Tending the web garden, 2018 edition

December 4th, 2018

Software is never quite done. Even if you have all the features put in, and all the known bugs fixed, if you stand still, the world will slowly pass you by and leave you behind.

A modern app is, more or less, expected to be everywhere. People expect seamless sync between all their devices, intelligent offline, presence of all the screens in their life, and constant adaptation of how the app behaves to the ever-evolving world of technology that we live in.

The same goes for web sites. Space Jam is a rather wonderful memento of the early web frozen in time. But it’s a curiosity, a rare peek into the world of yesteryear.

Content is king they say. Whoever they are, they don’t tell you that the presentation of content matters. As I was switching my site to be fully HTTPS earlier in the year, I was reminiscing on all the non-content maintenance work that I keep on doing on a semi-regular basis with my site to keep up with the latest and greatest. To keep up with what is “expected” of modern web sites. To get a feel of the burden the technology evolution is placing on hundreds of thousands (millions, tens of millions?) of web developers that find their carefully constructed houses of cards gather cobwebs.
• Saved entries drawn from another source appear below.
(* Let $\mathfrak{F}$ be an assignment to every finite-dimensional quantum system $A$ of a set $\mathfrak{F}(A)$ of density matrices on $A$ (the free states), such that the family of free states is closed under tensor products, partial traces, and permutations (swaps) of subsystems. Then the Choi-defined (CD) operations associated with $\mathfrak{F}$ form a resource theory — i.e., for all systems the identity channel, the swap channel, and the discarding channel (partial trace) are CD operations, and sequential and parallel compositions of CD operations are CD operations — if and only if for all systems $A$ and $B$: (1) the state $\frac{1}{d_A}\Phi_{AA'}$ belongs to $\mathfrak{F}(AA')$; and (2) whenever $\rho_A\in\mathfrak{F}(A)$ and $\mu_{BA'}\in\mathfrak{F}(BA')$ with $\mu_{BA'}$ the renormalized Choi matrix of a quantum channel (i.e. $\operatorname{tr}_B\mu_{BA'}=\frac{1}{d_A}\mathbb{1}_{A'}$), the state $d_A\,\mu_{B:A'}*\rho_A=d_A\operatorname{tr}_A[\mu_{BA}(\mathbb{1}_B\otimes\rho_A^{T})]$ belongs to $\mathfrak{F}(B)$.
   Context: Systems are finite-dimensional Hilbert spaces; $d_A$ is the dimension of $A$ and $A'$ is a copy of $A$. Fix an orthonormal basis $\{|x\rangle_A\}$ of each system; the unnormalized Choi state is $\Phi_{AA'}=\sum_{x,y}|x\rangle\langle y|_A\otimes|x\rangle\langle y|_{A'}$. The Choi matrix of a channel $\mathcal{M}_{A\to B}$ is $M_{B:A'}=(\mathcal{M}_{A\to B}\otimes\mathcal{I}_{A'})(\Phi_{AA'})$ (output system first, input copy second), and its renormalized Choi matrix is $\mu_{B:A'}=\frac{1}{d_A}M_{B:A'}$, a state with $\operatorname{tr}_B\mu_{BA'}=\frac1{d_A}\mathbb{1}_{A'}$; conversely such a state determines the channel $\mathcal{M}_{A\to B}(\rho_A)=d_A\operatorname{tr}_A[\mu_{BA}(\mathbb{1}_B\otimes\rho_A^T)]$, with $T$ the transpose in the fixed basis. The link product is $N_{C:B'}*M_{B:A'}=\operatorname{tr}_{BB'}[(N_{C:B'}\otimes M_{B:A'})(\mathbb{1}_C\otimes\Phi_{B'B}\otimes\mathbb{1}_{A'})]$; for a state $\rho_A$ (viewed as Choi matrix of a preparation) $M_{B:A'}*\rho_A=\operatorname{tr}_A[M_{B:A}(\mathbb{1}_B\otimes\rho_A^T)]$. A channel $\mathcal{M}_{A\to B}$ is a Choi-defined (CD) operation associated with $\mathfrak{F}$ if its renormalized Choi matrix lies in $\mathfrak{F}(BA')$; states are regarded as channels from the trivial one-dimensional system, whose renormalized Choi matrix is the state itself. A Choi-defined resource theory (CDRT) is a resource theory whose free operations are exactly the CD operations associated with its free states. *)

theory Defs
  imports "Jordan_Normal_Form.Matrix" "Jordan_Normal_Form.Conjugate"
begin

text \<open>A (possibly composite) finite-dimensional quantum system is modelled as the list
 of dimensions of its elementary tensor factors; the composite system AB is the list
 concatenation A @ B, the trivial system is the empty list (dimension 1), and a copy A' of A
 is the same list A. Indices of a composite system are ordered lexicographically
 (Kronecker convention: index of (i,k) in AB is i * d_B + k).\<close>

type_synonym sys = "nat list"

definition is_sys :: "sys \<Rightarrow> bool" where
  "is_sys A \<longleftrightarrow> (\<forall>d\<in>set A. 0 < d)"

definition dim :: "sys \<Rightarrow> nat" where
  "dim A = prod_list A"

definition mtrace :: "complex mat \<Rightarrow> complex" where
  "mtrace X = (\<Sum>i<dim_row X. X $$ (i, i))"

definition psd :: "nat \<Rightarrow> complex mat \<Rightarrow> bool" where
  "psd n X \<longleftrightarrow> X \<in> carrier_mat n n \<and>
     (\<forall>v\<in>carrier_vec n. Im (conjugate v \<bullet> (X *\<^sub>v v)) = 0 \<and> 0 \<le> Re (conjugate v \<bullet> (X *\<^sub>v v)))"

definition density :: "nat \<Rightarrow> complex mat \<Rightarrow> bool" where
  "density n X \<longleftrightarrow> psd n X \<and> mtrace X = 1"

definition kron :: "complex mat \<Rightarrow> complex mat \<Rightarrow> complex mat" where
  "kron X Y = mat (dim_row X * dim_row Y) (dim_col X * dim_col Y)
     (\<lambda>(i, j). X $$ (i div dim_row Y, j div dim_col Y) * Y $$ (i mod dim_row Y, j mod dim_col Y))"

definition ptrace_snd :: "nat \<Rightarrow> nat \<Rightarrow> complex mat \<Rightarrow> complex mat" where
  "ptrace_snd d1 d2 X = mat d1 d1 (\<lambda>(i, j). \<Sum>k<d2. X $$ (i * d2 + k, j * d2 + k))"

definition ptrace_fst :: "nat \<Rightarrow> nat \<Rightarrow> complex mat \<Rightarrow> complex mat" where
  "ptrace_fst d1 d2 X = mat d2 d2 (\<lambda>(k, l). \<Sum>i<d1. X $$ (i * d2 + k, i * d2 + l))"

definition swap_mat :: "nat \<Rightarrow> nat \<Rightarrow> complex mat \<Rightarrow> complex mat" where
  "swap_mat d1 d2 X = mat (d2 * d1) (d2 * d1)
     (\<lambda>(r, s). X $$ ((r mod d1) * d2 + r div d1, (s mod d1) * d2 + s div d1))"

definition swap_idx :: "nat \<Rightarrow> nat \<Rightarrow> nat \<Rightarrow> nat \<Rightarrow> nat" where
  "swap_idx dB dC dD r =
     (let d = r mod dD; t = r div dD; b = t mod dB; t2 = t div dB; c = t2 mod dC; a = t2 div dC
      in ((a * dB + b) * dC + c) * dD + d)"

definition swap_mid :: "nat \<Rightarrow> nat \<Rightarrow> nat \<Rightarrow> nat \<Rightarrow> complex mat \<Rightarrow> complex mat" where
  "swap_mid dA dB dC dD X = mat (dA * dC * dB * dD) (dA * dC * dB * dD)
     (\<lambda>(r, s). X $$ (swap_idx dB dC dD r, swap_idx dB dC dD s))"

definition munit :: "nat \<Rightarrow> nat \<Rightarrow> nat \<Rightarrow> complex mat" where
  "munit d i j = mat d d (\<lambda>(a, b). if a = i \<and> b = j then 1 else 0)"

definition Phi :: "nat \<Rightarrow> complex mat" where
  "Phi d = mat (d * d) (d * d)
     (\<lambda>(r, s). if r div d = r mod d \<and> s div d = s mod d then 1 else 0)"

text \<open>Maps are HOL functions on matrices; only their values on the relevant carrier matter.
 Parallel composition M (x) N of M : A1 -> B1 and N : A2 -> B2, defined by linear extension
 on product matrix units.\<close>
definition par :: "nat \<Rightarrow> nat \<Rightarrow> nat \<Rightarrow> nat \<Rightarrow> (complex mat \<Rightarrow> complex mat)
    \<Rightarrow> (complex mat \<Rightarrow> complex mat) \<Rightarrow> complex mat \<Rightarrow> complex mat" where
  "par dA1 dA2 dB1 dB2 M N X = mat (dB1 * dB2) (dB1 * dB2) (\<lambda>(p, q).
     \<Sum>i<dA1. \<Sum>j<dA1. \<Sum>k<dA2. \<Sum>l<dA2.
        X $$ (i * dA2 + k, j * dA2 + l) *
        (M (munit dA1 i j)) $$ (p div dB2, q div dB2) *
        (N (munit dA2 k l)) $$ (p mod dB2, q mod dB2))"

definition lin_map :: "nat \<Rightarrow> nat \<Rightarrow> (complex mat \<Rightarrow> complex mat) \<Rightarrow> bool" where
  "lin_map dA dB M \<longleftrightarrow>
     (\<forall>X\<in>carrier_mat dA dA. M X \<in> carrier_mat dB dB) \<and>
     (\<forall>X\<in>carrier_mat dA dA. \<forall>Y\<in>carrier_mat dA dA. M (X + Y) = M X + M Y) \<and>
     (\<forall>X\<in>carrier_mat dA dA. \<forall>c. M (c \<cdot>\<^sub>m X) = c \<cdot>\<^sub>m M X)"

definition channel :: "sys \<Rightarrow> sys \<Rightarrow> (complex mat \<Rightarrow> complex mat) \<Rightarrow> bool" where
  "channel A B M \<longleftrightarrow> lin_map (dim A) (dim B) M \<and>
     (\<forall>X\<in>carrier_mat (dim A) (dim A). mtrace (M X) = mtrace X) \<and>
     (\<forall>n X. psd (n * dim A) X \<longrightarrow> psd (n * dim B) (par n (dim A) n (dim B) (\<lambda>Y. Y) M X))"

text \<open>Choi matrix M_{B:A'} = (M (x) id)(Phi_{AA'}), output system first.\<close>
definition choi :: "nat \<Rightarrow> nat \<Rightarrow> (complex mat \<Rightarrow> complex mat) \<Rightarrow> complex mat" where
  "choi dA dB M = mat (dB * dA) (dB * dA)
     (\<lambda>(r, s). (M (munit dA (r mod dA) (s mod dA))) $$ (r div dA, s div dA))"

definition rchoi :: "sys \<Rightarrow> sys \<Rightarrow> (complex mat \<Rightarrow> complex mat) \<Rightarrow> complex mat" where
  "rchoi A B M = (1 / of_nat (dim A)) \<cdot>\<^sub>m choi (dim A) (dim B) M"

type_synonym free_states = "sys \<Rightarrow> complex mat set"

definition CD_op :: "free_states \<Rightarrow> sys \<Rightarrow> sys \<Rightarrow> (complex mat \<Rightarrow> complex mat) \<Rightarrow> bool" where
  "CD_op F A B M \<longleftrightarrow> channel A B M \<and> rchoi A B M \<in> F (B @ A)"

definition admissible_free_states :: "free_states \<Rightarrow> bool" where
  "admissible_free_states F \<longleftrightarrow>
     (\<forall>A. is_sys A \<longrightarrow> (\<forall>\<rho>\<in>F A. density (dim A) \<rho>)) \<and>
     (\<forall>A B. is_sys A \<longrightarrow> is_sys B \<longrightarrow> (\<forall>\<rho>\<in>F A. \<forall>\<sigma>\<in>F B. kron \<rho> \<sigma> \<in> F (A @ B))) \<and>
     (\<forall>A B. is_sys A \<longrightarrow> is_sys B \<longrightarrow> (\<forall>\<rho>\<in>F (A @ B).
        ptrace_snd (dim A) (dim B) \<rho> \<in> F A \<and> ptrace_fst (dim A) (dim B) \<rho> \<in> F B)) \<and>
     (\<forall>A B C D. is_sys A \<longrightarrow> is_sys B \<longrightarrow> is_sys C \<longrightarrow> is_sys D \<longrightarrow> (\<forall>\<rho>\<in>F (A @ B @ C @ D).
        swap_mid (dim A) (dim B) (dim C) (dim D) \<rho> \<in> F (A @ C @ B @ D)))"

definition CD_resource_theory :: "free_states \<Rightarrow> bool" where
  "CD_resource_theory F \<longleftrightarrow>
     (\<forall>A. is_sys A \<longrightarrow> CD_op F A A (\<lambda>X. X)) \<and>
     (\<forall>A B. is_sys A \<longrightarrow> is_sys B \<longrightarrow> CD_op F (A @ B) (B @ A) (swap_mat (dim A) (dim B))) \<and>
     (\<forall>A B. is_sys A \<longrightarrow> is_sys B \<longrightarrow> CD_op F (A @ B) A (ptrace_snd (dim A) (dim B))) \<and>
     (\<forall>A B C M N. is_sys A \<longrightarrow> is_sys B \<longrightarrow> is_sys C \<longrightarrow>
        CD_op F A B M \<longrightarrow> CD_op F B C N \<longrightarrow> CD_op F A C (N \<circ> M)) \<and>
     (\<forall>A1 A2 B1 B2 M N. is_sys A1 \<longrightarrow> is_sys A2 \<longrightarrow> is_sys B1 \<longrightarrow> is_sys B2 \<longrightarrow>
        CD_op F A1 B1 M \<longrightarrow> CD_op F A2 B2 N \<longrightarrow>
        CD_op F (A1 @ A2) (B1 @ B2) (par (dim A1) (dim A2) (dim B1) (dim B2) M N))"

end

(* Necessity: the identity channel has renormalized Choi matrix Phi/d_A, and d_A mu * rho is
   the Choi state of the composite of the preparation of rho with the channel whose Choi state
   is mu.  Sufficiency: the Choi states of the swap and of the discarding channel are obtained
   from Phi/d by permuting, tracing out and tensoring, and the Choi state of a parallel
   composition is a permuted tensor product of Choi states; the Choi state of N o M is
   (N (x) id_A)(mu_M), i.e. the link product of the free Choi state of the CD operation
   N (x) id_A with the free state mu_M, to which condition (2) applies.  That free Choi states
   define completely positive maps follows from a Gram (Kraus) decomposition of positive
   semidefinite matrices. *)
theory Submission
  imports Defs
begin

abbreviation max_ent :: "nat \<Rightarrow> complex mat" where
  "max_ent d \<equiv> (1 / of_nat d) \<cdot>\<^sub>m Phi d"

abbreviation max_mixed :: "nat \<Rightarrow> complex mat" where
  "max_mixed d \<equiv> (1 / of_nat d) \<cdot>\<^sub>m 1\<^sub>m d"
  • In 2012 I’ve switched to using web fonts, and I kept on tweaking those ever since – for body, headings and navigational elements.
  • In 2013 I’ve switched to fully responsive design, scaling the overall layout to behave well on a variety of screen sizes.
  • In 2014 I’ve switched to use 2x / retina images on relevant hardware, which required going back to the archives and resourcing all the images in the interviews that have been published until then.
  • In 2015 I’ve switched to a single-column layout, rearranging the content to flow better across a variety of screens.
  • In 2018 I’ve switched to HTTPS, even though the only user-facing input box is the search tucked at the very end of the page.

Is the latest 3 year gap an indication that things are slowing down? Maybe. But probably not. I’m still tending this little web garden of mine. The latest chapter, so far, has been adding support for dark mode:

On the left is the regular version of Pushing Pixels. On the right is how it looks like running under Safari Technology Preview on the latest macOS 10.14.1 (Mojave), with the work under way to add the matching CSS selector support to Firefox and Chrome.

I hope this little web garden of mine will be there in 10 years. In 20 years. Hopefully in 40 years. There’s a lot of tending ahead.

Note: since this post was written, Safari for macOS 10.14.4+ and Firefox 67+ have added official support for dark mode. Chrome has added support for dark mode starting in 73 on Mac and starting in 74 on Windows.